I came home to Cohasset again for Memorial Day 1972 and my father – Pat McCarthy – commander of this Legion Post at the time – asked me to march as a veteran. I didn’t want to, as so many vets didn’t in those days – but I did it for my father. So I got out my Army summer cords uniform – high heels and all – and marched. There were three of us Vietnam vets that year who put on a uniform that I can remember – John Morgan, Wayne Harrington and myself. Wearing a uniform down Main Street in Cohasset was not a popular thing to do in those days. But we did it anyway.
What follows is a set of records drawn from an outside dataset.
lemma reduced_ylist_mult_pos:
  "reduced ((s, f) # L) \<Longrightarrow> t < s \<Longrightarrow> reduced ((s + 1, f) # ylist_mult t True L)"
proof (induction L arbitrary: s f)
  case (Cons b L)
  obtain u g where b: "b = (u, g)"
    by (cases b)
  show ?case
  proof (cases "t < u")
    case True
    then have "reduced ((u + 1, g) # ylist_mult t True L)"
      using Cons b by auto
    then show ?thesis
      using Cons b True by auto
  next
    case False
    then show ?thesis
      using Cons b by (cases L) (auto split: if_splits)
  qed
qed auto

lemma reduced_ylist_mult_neg:
  "reduced ((s, f) # L) \<Longrightarrow> t + 2 \<le> s \<Longrightarrow> reduced ((s - 1, f) # ylist_mult t False L)"
proof (induction L arbitrary: s f)
  case (Cons b L)
  obtain u g where b: "b = (u, g)"
    by (cases b)
  show ?case
  proof (cases "t + 2 \<le> u")
    case True
    then have "reduced ((u - 1, g) # ylist_mult t False L)"
      using Cons b by auto
    then show ?thesis
      using Cons b True by auto
  next
    case False
    then show ?thesis
      using Cons b by (cases L) (auto split: if_splits)
  qed
qed auto

lemma reduced_ylist_mult: "reduced L \<Longrightarrow> reduced (ylist_mult t e L)"
proof (cases L)
  case (Cons b L')
  assume L: "reduced L"
  obtain u g where b: "b = (u, g)"
    by (cases b)
  have "reduced L'"
    using L Cons reduced_tl by blast
  show ?thesis
  proof (cases e)
    case True
    then show ?thesis
      using L Cons b \<open>reduced L'\<close> reduced_ylist_mult_pos[of u g L' t]
      by (auto simp del: successively.simps(3)) auto
  next
    case False
    then show ?thesis
      using L Cons b \<open>reduced L'\<close> reduced_ylist_mult_neg[of u g L' t]
      by (auto simp del: successively.simps(3)) auto
  qed
qed simp

lemma reduced_map_yshift: "reduced (map (yshift k) L) \<longleftrightarrow> reduced L"
proof -
  have "reduced_pair (yshift k a) (yshift k b) = reduced_pair a b" for a b
    by (cases a; cases b) simp
  then show ?thesis
    by (simp add: successively_map)
qed

lemma ylist_mult_map_yshift:
  "ylist_mult t e (map (yshift k) L) = map (yshift k) (ylist_mult (t - k) e L)"
proof -
  have "map (yshift k) (ylist_mult t' e L) = ylist_mult (t' + k) e (map (yshift k) L)" for t'
    by (induction L) auto
  then show ?thesis
    by (metis diff_add_cancel)
qed

lemma ylist_mult_head: "reduced ((s, e) # L) \<Longrightarrow> ylist_mult s e L = (s, e) # L"
  by (cases L) (auto split: if_splits)

lemma ylist_mult_cancel: "reduced L \<Longrightarrow> ylist_mult t (\<not> e) (ylist_mult t e L) = L"
proof (induction L)
  case (Cons b L)
  obtain u g where b: "b = (u, g)"
    by (cases b)
  have "reduced L"
    using Cons.prems reduced_tl by blast
  then show ?case
    using Cons b ylist_mult_head[of t "\<not> e" L] by (cases e) auto
qed auto

lemma ylist_mult_commute:
  "reduced L \<Longrightarrow> t + 2 \<le> s \<Longrightarrow>
    ylist_mult s False (ylist_mult t True L) = ylist_mult t True (ylist_mult (s - 1) False L)"
proof (induction L)
  case (Cons b L)
  obtain u g where b: "b = (u, g)"
    by (cases b)
  have "reduced L"
    using Cons.prems reduced_tl by blast
  then show ?case
    using Cons b by (cases L) auto
qed auto

lemma ylist_mult_relator:
  assumes "reduced L" and "1 \<le> d"
  shows "ylist_mult d True (ylist_mult 0 False (ylist_mult (d + 1) False (ylist_mult 0 True L))) = L"
proof -
  have "ylist_mult (d + 1) False (ylist_mult 0 True L) = ylist_mult 0 True (ylist_mult d False L)"
    using ylist_mult_commute[OF assms(1), of 0 "d + 1"] assms(2) by simp
  moreover have "ylist_mult 0 False (ylist_mult 0 True (ylist_mult d False L)) = ylist_mult d False L"
    using ylist_mult_cancel[OF reduced_ylist_mult[OF assms(1)], of 0 True d False] by simp
  moreover have "ylist_mult d True (ylist_mult d False L) = L"
    using ylist_mult_cancel[OF assms(1), of d False] by simp
  ultimately show ?thesis
    by simp
qed

lemma yprod_ylist_mult: "yprod (ylist_mult t e L) = yprod L + y_conj t e"
proof (induction L)
  case (Cons b L)
  obtain u g where b: "b = (u, g)"
    by (cases b)
  then show ?case
    using Cons y_conj_commute_y_idx[of t u g] y_conj_commute_y_idx_inv[of t u g]
      y_conj_cancel[of t True] y_conj_cancel[of t False]
    by (cases e) (auto simp: add.assoc y_conj_False)
qed simp

lemma yprod_map_yshift: "yprod (map (yshift k) L) = - x_pow k + yprod L + x_pow k"
proof (induction L)
  case (Cons h L)
  obtain s e where h: "h = (s, e)"
    by (cases h)
  then show ?case
    using Cons x_pow_conj_y_conj[of k s e, symmetric] by (simp add: group_simps)
qed simp

type_synonym state = "int \<times> ylist"

fun state_elt :: "state \<Rightarrow> thompsonF" where
  "state_elt (T, L) = x_pow T + yprod L"

fun step :: "state \<Rightarrow> letter \<Rightarrow> state" where
  "step (T, L) (GX, True) = (T + 1, map (yshift 1) L)"
| "step (T, L) (GX, False) = (T - 1, map (yshift (- 1)) L)"
| "step (T, L) (GY, e) = (T, ylist_mult 0 e L)"

definition run :: "state \<Rightarrow> word \<Rightarrow> state" where
  "run = foldl step"

lemma run_Nil [simp]: "run st [] = st"
  by (simp add: run_def)

lemma run_Cons [simp]: "run st (a # w) = run (step st a) w"
  by (simp add: run_def)

lemma run_append: "run st (u @ v) = run (run st u) v"
  by (simp add: run_def)

lemma reduced_step: "reduced L \<Longrightarrow> reduced (snd (step (T, L) a))"
  by (cases "((T, L), a)" rule: step.cases) (auto simp: reduced_map_yshift reduced_ylist_mult)

lemma reduced_run: "reduced (snd st) \<Longrightarrow> reduced (snd (run st w))"
proof (induction w arbitrary: st)
  case (Cons a w)
  then show ?case
    using reduced_step[of "snd st" "fst st" a] by simp
qed simp

lemma state_elt_step: "state_elt (step (T, L) a) = state_elt (T, L) + elt [a]"
proof (cases "((T, L), a)" rule: step.cases)
  case 1
  then show ?thesis
    using x_pow_add[of T 1] by (simp add: yprod_map_yshift x_pow_1 group_simps)
next
  case 2
  then show ?thesis
    using x_pow_add[of T "- 1"]
    by (simp add: yprod_map_yshift x_pow_minus x_pow_1 elt_lX group_simps)
next
  case (3 e)
  then show ?thesis
    by (simp add: yprod_ylist_mult y_conj_def x_pow_0 add.assoc)
qed

lemma state_elt_run: "state_elt (run st w) = state_elt st + elt w"
proof (induction w arbitrary: st)
  case Nil
  show ?case by (simp add: elt_Nil)
next
  case (Cons a w)
  then show ?case
    using state_elt_step[of "fst st" "snd st" a] by (simp add: elt_Cons[of a w] add.assoc)
qed

lemma yshift_comp [simp]: "yshift a \<circ> yshift b = yshift (a + b)"
  by (auto simp: fun_eq_iff ac_simps)

lemma yshift_0 [simp]: "yshift 0 = id"
  by (auto simp: fun_eq_iff)

lemma run_cancel: "reduced L \<Longrightarrow> run (T, L) [l, linv l] = (T, L)"
  by (cases "((T, L), l)" rule: step.cases) (auto simp: linv_def ylist_mult_cancel ylist_mult_map_yshift)

lemma run_eqF: "eqF u v \<Longrightarrow> reduced (snd st) \<Longrightarrow> run st u = run st v"
proof (induction arbitrary: st rule: eqF.induct)
  case (eqF_cong u v p s)
  have "reduced (snd (run st p))"
    using eqF_cong.prems reduced_run by blast
  then show ?case
    using eqF_cong.IH by (simp add: run_append)
next
  case (eqF_cancel l)
  then show ?case
    using run_cancel[of "snd st" "fst st" l] by simp
next
  case eqF_rel1
  then show ?case
    using ylist_mult_relator[of "snd st" 1] by (cases st) (simp add: rel1_def ylist_mult_map_yshift)
next
  case eqF_rel2
  then show ?case
    using ylist_mult_relator[of "snd st" 2] by (cases st) (simp add: rel2_def ylist_mult_map_yshift)
qed simp_all

fun ylist_word :: "int \<Rightarrow> ylist \<Rightarrow> int \<Rightarrow> word" where
  "ylist_word T [] p = xpow (T - p)"
| "ylist_word T ((s, e) # L) p = ylist_word T L s @ [(GY, e)] @ xpow (s - p)"

fun state_word :: "state \<Rightarrow> word" where
  "state_word (T, L) = ylist_word T L 0"

definition nf :: "word \<Rightarrow> word" where
  "nf w = state_word (run (0, []) w)"

lemma elt_ylist_word: "elt (ylist_word T L p) = x_pow T + yprod L + - x_pow p"
proof (induction L arbitrary: p)
  case Nil
  show ?case
    using x_pow_add[of T "- p"] by (simp add: x_pow_minus group_simps flip: x_pow_def)
next
  case (Cons h L)
  obtain s e where h: "h = (s, e)"
    by (cases h)
  then show ?case
    using Cons x_pow_add[of s "- p"] elt_Cons[of "(GY, e)" "xpow (s - p)"]
    by (simp add: elt_append x_pow_minus y_conj_def group_simps flip: x_pow_def)
qed

lemma nf_eqF: "eqF (nf w) w"
proof -
  have "elt (nf w) = state_elt (run (0, []) w)"
    by (cases "run (0, []) w") (simp add: nf_def elt_ylist_word x_pow_0)
  also have "\<dots> = elt w"
    by (simp add: state_elt_run x_pow_0)
  finally show ?thesis
    by (simp add: elt_eq_iff)
qed

lemma nf_cong: "eqF u v \<Longrightarrow> nf u = nf v"
  unfolding nf_def using run_eqF[of u v "(0, [])"] by simp

end

section \<open>The normal forms N\<close>

lemma subword_append_right: "subword q u \<Longrightarrow> subword q (u @ v)"
  unfolding subword_def by (metis append.assoc)

lemma subword_snoc:
  assumes "subword q (u @ [b])" and "q \<noteq> []"
  shows "subword q u \<or> (\<exists>q' p. q = q' @ [b] \<and> u = p @ q')"
proof -
  obtain p s where ps: "u @ [b] = p @ q @ s"
    using assms(1) by (auto simp: subword_def)
  show ?thesis
  proof (cases s rule: rev_cases)
    case Nil
    then show ?thesis
      using ps assms(2) by (cases q rule: rev_cases) auto
  next
    case (snoc s' c)
    then show ?thesis
      using ps by (auto simp: subword_def)
  qed
qed

lemma NF_Nil: "[] \<in> NF"
  by (auto simp: NF_def subword_def)

lemma NF_appendD: "u @ v \<in> NF \<Longrightarrow> u \<in> NF"
  unfolding NF_def using subword_append_right by blast

lemma NF_snocI:
  assumes u: "u \<in> NF" and last: "u \<noteq> [] \<Longrightarrow> last u \<noteq> linv b"
    and y: "\<And>e i v. 1 \<le> i \<Longrightarrow> b = ly \<Longrightarrow> u \<noteq> v @ [(GY, e)] @ replicate i lx"
    and Y: "\<And>e i v. 1 \<le> i \<Longrightarrow> b = lY \<Longrightarrow> u \<noteq> v @ [(GY, e)] @ replicate (i + 1) lx"
  shows "u @ [b] \<in> NF"
proof -
  have new_subword: "\<exists>p. u = p @ q \<and> r = b" if "subword (q @ [r]) (u @ [b])"
    and "\<not> subword (q @ [r]) u" for q r
    using subword_snoc[OF that(1)] that(2) by auto
  have "\<not> subword [l, linv l] (u @ [b])" for l
    using new_subword[of "[l]" "linv l"] u last unfolding NF_def by fastforce
  moreover have "\<not> subword ([(GY, e)] @ replicate i lx @ [ly]) (u @ [b])" if "1 \<le> i" for e i
    using new_subword[of "[(GY, e)] @ replicate i lx" ly] u y[OF that] that
    unfolding NF_def by fastforce
  moreover have "\<not> subword ([(GY, e)] @ replicate (i + 1) lx @ [lY]) (u @ [b])" if "1 \<le> i" for e i
    using new_subword[of "[(GY, e)] @ replicate (i + 1) lx" lY] u Y[OF that] that
    unfolding NF_def by fastforce
  ultimately show ?thesis
    unfolding NF_def by blast
qed

lemma subword_suffix: "subword q (p @ q)"
  unfolding subword_def by (metis append_Nil2)

lemma cancel_not_NF: "p @ [l, linv l] \<notin> NF"
  unfolding NF_def using subword_suffix by blast

lemma y_x_y_not_NF: "1 \<le> i \<Longrightarrow> p @ [(GY, e)] @ replicate i lx @ [ly] \<notin> NF"
  unfolding NF_def using subword_suffix by blast

lemma y_xx_Y_not_NF: "1 \<le> i \<Longrightarrow> p @ [(GY, e)] @ replicate (i + 1) lx @ [lY] \<notin> NF"
  unfolding NF_def using subword_suffix by blast

lemma GY_notin_xpow: "GY \<notin> fst ` set (xpow k)"
  by (auto simp: xpow_def)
Every year I return here to Cohasset to march in this Memorial Day parade -- to remember the loss of so many and especially those five that died 50 years ago in 1969, lost to their families forever.

I would like to end today by sharing a poem – “Angel in War” – written anonymously – by a soldier who must have been wounded in Vietnam.

Listen now I’ve a story to tell, About some women who lived through hell. They fought in the war in a special way, Sometimes 16 hours a day Theirs is a story of pain and strife, And of men’s agony and fight for life She will tell you stories of pain That in her mind will always remain Listen now to this story I tell About these women who lived through hell. For they were young like you and me How much more special can they be? How many hands in the night did she hold, While a young voice cried out, I’m so cold.

How many faces does she still see Like the memories we have, both you and me. Listen now to the stories they tell, These are women who lived through hell They fought in the war by our side And like our sisters they often cried. Let us not forget these stories they tell For they were our sisters who lived through hell.